# ABOUT THIS TASK:
All that should come back is the lines of the data below from the one containing "contained in $S^\alpha$." to the one containing "x = infdist", inclusive, exactly as they stand.

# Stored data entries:
--
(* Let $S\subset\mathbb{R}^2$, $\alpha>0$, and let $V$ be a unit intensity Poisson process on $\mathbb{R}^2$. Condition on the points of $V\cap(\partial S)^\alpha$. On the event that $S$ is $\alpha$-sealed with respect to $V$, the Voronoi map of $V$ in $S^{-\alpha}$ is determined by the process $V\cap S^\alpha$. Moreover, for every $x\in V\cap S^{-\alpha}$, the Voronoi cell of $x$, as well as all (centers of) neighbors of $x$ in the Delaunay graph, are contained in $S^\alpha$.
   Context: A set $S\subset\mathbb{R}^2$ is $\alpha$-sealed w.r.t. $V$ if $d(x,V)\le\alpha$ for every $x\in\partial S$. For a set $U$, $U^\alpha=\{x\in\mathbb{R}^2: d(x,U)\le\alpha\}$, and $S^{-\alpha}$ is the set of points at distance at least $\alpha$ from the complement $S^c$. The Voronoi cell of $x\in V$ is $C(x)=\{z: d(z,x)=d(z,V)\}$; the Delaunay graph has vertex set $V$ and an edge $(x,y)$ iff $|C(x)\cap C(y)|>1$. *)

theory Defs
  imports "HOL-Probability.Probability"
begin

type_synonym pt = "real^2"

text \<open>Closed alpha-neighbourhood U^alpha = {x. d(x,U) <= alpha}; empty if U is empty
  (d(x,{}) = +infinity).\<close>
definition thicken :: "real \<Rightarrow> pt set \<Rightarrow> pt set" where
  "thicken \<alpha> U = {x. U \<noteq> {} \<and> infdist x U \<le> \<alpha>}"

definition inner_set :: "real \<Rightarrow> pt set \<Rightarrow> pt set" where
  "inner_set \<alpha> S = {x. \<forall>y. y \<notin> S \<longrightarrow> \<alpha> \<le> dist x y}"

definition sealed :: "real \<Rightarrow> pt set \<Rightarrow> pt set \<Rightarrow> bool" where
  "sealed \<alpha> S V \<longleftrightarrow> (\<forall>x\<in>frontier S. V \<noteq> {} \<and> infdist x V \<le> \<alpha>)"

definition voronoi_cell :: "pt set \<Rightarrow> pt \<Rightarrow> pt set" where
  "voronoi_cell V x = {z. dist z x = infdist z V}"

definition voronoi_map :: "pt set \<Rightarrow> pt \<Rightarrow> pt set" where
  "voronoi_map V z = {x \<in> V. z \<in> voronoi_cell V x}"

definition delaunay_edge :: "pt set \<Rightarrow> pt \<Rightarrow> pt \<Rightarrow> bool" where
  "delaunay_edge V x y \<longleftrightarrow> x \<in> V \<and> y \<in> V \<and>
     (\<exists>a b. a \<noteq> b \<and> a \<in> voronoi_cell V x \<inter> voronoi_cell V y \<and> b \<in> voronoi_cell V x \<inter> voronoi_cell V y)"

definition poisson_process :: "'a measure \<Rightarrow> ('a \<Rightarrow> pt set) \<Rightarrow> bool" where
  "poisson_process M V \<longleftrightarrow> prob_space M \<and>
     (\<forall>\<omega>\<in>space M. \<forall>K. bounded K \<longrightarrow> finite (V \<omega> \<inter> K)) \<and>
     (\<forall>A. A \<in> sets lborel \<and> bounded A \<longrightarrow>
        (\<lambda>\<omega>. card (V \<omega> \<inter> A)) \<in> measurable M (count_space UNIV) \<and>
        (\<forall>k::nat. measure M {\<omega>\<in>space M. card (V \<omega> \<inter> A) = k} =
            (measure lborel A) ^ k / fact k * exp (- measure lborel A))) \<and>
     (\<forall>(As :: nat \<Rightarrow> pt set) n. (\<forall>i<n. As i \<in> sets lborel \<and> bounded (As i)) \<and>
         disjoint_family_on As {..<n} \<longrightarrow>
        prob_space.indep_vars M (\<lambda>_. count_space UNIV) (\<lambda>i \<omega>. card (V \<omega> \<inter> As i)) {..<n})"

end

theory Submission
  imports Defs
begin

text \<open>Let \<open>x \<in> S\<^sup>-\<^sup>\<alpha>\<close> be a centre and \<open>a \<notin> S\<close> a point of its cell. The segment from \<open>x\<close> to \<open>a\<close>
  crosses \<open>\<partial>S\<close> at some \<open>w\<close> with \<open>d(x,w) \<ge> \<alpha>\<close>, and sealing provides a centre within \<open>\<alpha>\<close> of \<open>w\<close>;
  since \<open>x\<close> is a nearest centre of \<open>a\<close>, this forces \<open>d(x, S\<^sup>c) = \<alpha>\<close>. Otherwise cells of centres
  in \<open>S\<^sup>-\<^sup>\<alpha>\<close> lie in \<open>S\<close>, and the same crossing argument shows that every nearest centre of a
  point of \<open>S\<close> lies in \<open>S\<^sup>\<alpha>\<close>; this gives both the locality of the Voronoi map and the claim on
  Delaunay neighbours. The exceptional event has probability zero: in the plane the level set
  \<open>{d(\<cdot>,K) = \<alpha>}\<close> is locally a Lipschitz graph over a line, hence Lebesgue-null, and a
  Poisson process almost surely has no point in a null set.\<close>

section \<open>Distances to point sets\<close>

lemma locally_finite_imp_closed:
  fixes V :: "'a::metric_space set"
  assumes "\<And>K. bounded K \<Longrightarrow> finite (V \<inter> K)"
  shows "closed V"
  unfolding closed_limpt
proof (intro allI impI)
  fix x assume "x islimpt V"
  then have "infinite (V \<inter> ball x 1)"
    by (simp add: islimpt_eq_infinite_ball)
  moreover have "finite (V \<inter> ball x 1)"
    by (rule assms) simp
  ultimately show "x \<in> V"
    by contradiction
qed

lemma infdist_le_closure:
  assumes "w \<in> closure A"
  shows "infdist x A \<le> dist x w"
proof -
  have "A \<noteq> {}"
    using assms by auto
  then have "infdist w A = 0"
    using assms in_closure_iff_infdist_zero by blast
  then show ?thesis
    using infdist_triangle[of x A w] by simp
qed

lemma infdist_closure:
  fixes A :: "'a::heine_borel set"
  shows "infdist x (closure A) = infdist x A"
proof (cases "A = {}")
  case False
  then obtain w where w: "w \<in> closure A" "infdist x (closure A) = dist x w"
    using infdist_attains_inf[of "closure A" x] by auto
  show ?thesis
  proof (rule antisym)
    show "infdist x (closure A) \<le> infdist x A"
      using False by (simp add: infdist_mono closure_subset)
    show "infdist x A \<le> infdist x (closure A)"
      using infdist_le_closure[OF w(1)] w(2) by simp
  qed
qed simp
--
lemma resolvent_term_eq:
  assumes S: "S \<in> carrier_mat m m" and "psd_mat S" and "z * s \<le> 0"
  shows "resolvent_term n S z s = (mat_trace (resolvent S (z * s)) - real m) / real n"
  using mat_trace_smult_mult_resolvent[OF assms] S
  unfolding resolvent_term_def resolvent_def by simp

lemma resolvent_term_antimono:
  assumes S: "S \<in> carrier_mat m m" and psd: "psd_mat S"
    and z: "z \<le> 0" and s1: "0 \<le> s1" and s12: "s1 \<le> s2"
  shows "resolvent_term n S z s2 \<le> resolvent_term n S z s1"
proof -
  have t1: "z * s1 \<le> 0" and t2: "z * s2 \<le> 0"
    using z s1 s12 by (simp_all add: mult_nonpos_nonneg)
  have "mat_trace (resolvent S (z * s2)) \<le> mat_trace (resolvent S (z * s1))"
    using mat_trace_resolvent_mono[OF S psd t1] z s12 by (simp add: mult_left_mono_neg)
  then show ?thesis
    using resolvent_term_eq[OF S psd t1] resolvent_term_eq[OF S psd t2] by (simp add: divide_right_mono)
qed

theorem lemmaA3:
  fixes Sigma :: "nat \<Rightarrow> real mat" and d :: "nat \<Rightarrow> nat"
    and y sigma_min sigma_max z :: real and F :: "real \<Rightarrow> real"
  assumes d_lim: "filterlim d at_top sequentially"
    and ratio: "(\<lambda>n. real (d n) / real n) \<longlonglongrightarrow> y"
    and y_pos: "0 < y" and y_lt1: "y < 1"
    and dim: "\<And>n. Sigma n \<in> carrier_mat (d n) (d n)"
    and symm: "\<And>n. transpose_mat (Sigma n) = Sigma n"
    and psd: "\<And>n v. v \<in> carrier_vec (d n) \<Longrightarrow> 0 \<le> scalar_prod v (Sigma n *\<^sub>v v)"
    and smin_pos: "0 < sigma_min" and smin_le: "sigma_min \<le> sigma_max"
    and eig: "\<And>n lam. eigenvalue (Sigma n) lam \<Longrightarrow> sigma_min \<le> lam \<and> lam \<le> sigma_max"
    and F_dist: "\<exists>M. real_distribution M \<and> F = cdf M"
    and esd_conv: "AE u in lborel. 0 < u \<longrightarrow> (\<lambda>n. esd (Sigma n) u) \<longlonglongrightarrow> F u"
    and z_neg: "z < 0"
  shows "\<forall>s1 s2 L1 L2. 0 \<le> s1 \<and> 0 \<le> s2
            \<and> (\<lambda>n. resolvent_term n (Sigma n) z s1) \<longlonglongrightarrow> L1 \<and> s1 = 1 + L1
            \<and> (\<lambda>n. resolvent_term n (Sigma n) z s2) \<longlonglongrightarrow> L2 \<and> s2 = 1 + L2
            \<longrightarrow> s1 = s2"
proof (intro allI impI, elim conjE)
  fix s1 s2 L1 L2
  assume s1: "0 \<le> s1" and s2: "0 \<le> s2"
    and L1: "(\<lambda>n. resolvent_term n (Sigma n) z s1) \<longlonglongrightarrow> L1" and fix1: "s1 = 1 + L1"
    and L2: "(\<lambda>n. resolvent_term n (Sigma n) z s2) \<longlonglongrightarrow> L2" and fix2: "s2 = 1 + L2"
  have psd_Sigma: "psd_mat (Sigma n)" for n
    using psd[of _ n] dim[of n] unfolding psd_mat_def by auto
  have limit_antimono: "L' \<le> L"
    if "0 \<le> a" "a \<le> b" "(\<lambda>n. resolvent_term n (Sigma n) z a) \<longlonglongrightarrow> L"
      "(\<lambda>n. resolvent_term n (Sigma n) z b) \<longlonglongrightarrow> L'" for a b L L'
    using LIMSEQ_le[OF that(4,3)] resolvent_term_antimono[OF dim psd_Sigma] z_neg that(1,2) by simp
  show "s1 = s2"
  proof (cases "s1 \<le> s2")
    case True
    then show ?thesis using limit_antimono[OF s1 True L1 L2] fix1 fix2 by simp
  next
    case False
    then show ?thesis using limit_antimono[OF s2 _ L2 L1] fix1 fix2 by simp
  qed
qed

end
--
# ANSWER:
(* Let $S\subset\mathbb{R}^2$, $\alpha>0$, and let $V$ be a unit intensity Poisson process on $\mathbb{R}^2$. Condition on the points of $V\cap(\partial S)^\alpha$. On the event that $S$ is $\alpha$-sealed with respect to $V$, the Voronoi map of $V$ in $S^{-\alpha}$ is determined by the process $V\cap S^\alpha$. Moreover, for every $x\in V\cap S^{-\alpha}$, the Voronoi cell of $x$, as well as all (centers of) neighbors of $x$ in the Delaunay graph, are contained in $S^\alpha$.
   Context: A set $S\subset\mathbb{R}^2$ is $\alpha$-sealed w.r.t. $V$ if $d(x,V)\le\alpha$ for every $x\in\partial S$. For a set $U$, $U^\alpha=\{x\in\mathbb{R}^2: d(x,U)\le\alpha\}$, and $S^{-\alpha}$ is the set of points at distance at least $\alpha$ from the complement $S^c$. The Voronoi cell of $x\in V$ is $C(x)=\{z: d(z,x)=d(z,V)\}$; the Delaunay graph has vertex set $V$ and an edge $(x,y)$ iff $|C(x)\cap C(y)|>1$. *)

theory Defs
  imports "HOL-Probability.Probability"
begin

type_synonym pt = "real^2"

text \<open>Closed alpha-neighbourhood U^alpha = {x. d(x,U) <= alpha}; empty if U is empty
  (d(x,{}) = +infinity).\<close>
definition thicken :: "real \<Rightarrow> pt set \<Rightarrow> pt set" where
  "thicken \<alpha> U = {x. U \<noteq> {} \<and> infdist x U \<le> \<alpha>}"

definition inner_set :: "real \<Rightarrow> pt set \<Rightarrow> pt set" where
  "inner_set \<alpha> S = {x. \<forall>y. y \<notin> S \<longrightarrow> \<alpha> \<le> dist x y}"

definition sealed :: "real \<Rightarrow> pt set \<Rightarrow> pt set \<Rightarrow> bool" where
  "sealed \<alpha> S V \<longleftrightarrow> (\<forall>x\<in>frontier S. V \<noteq> {} \<and> infdist x V \<le> \<alpha>)"

definition voronoi_cell :: "pt set \<Rightarrow> pt \<Rightarrow> pt set" where
  "voronoi_cell V x = {z. dist z x = infdist z V}"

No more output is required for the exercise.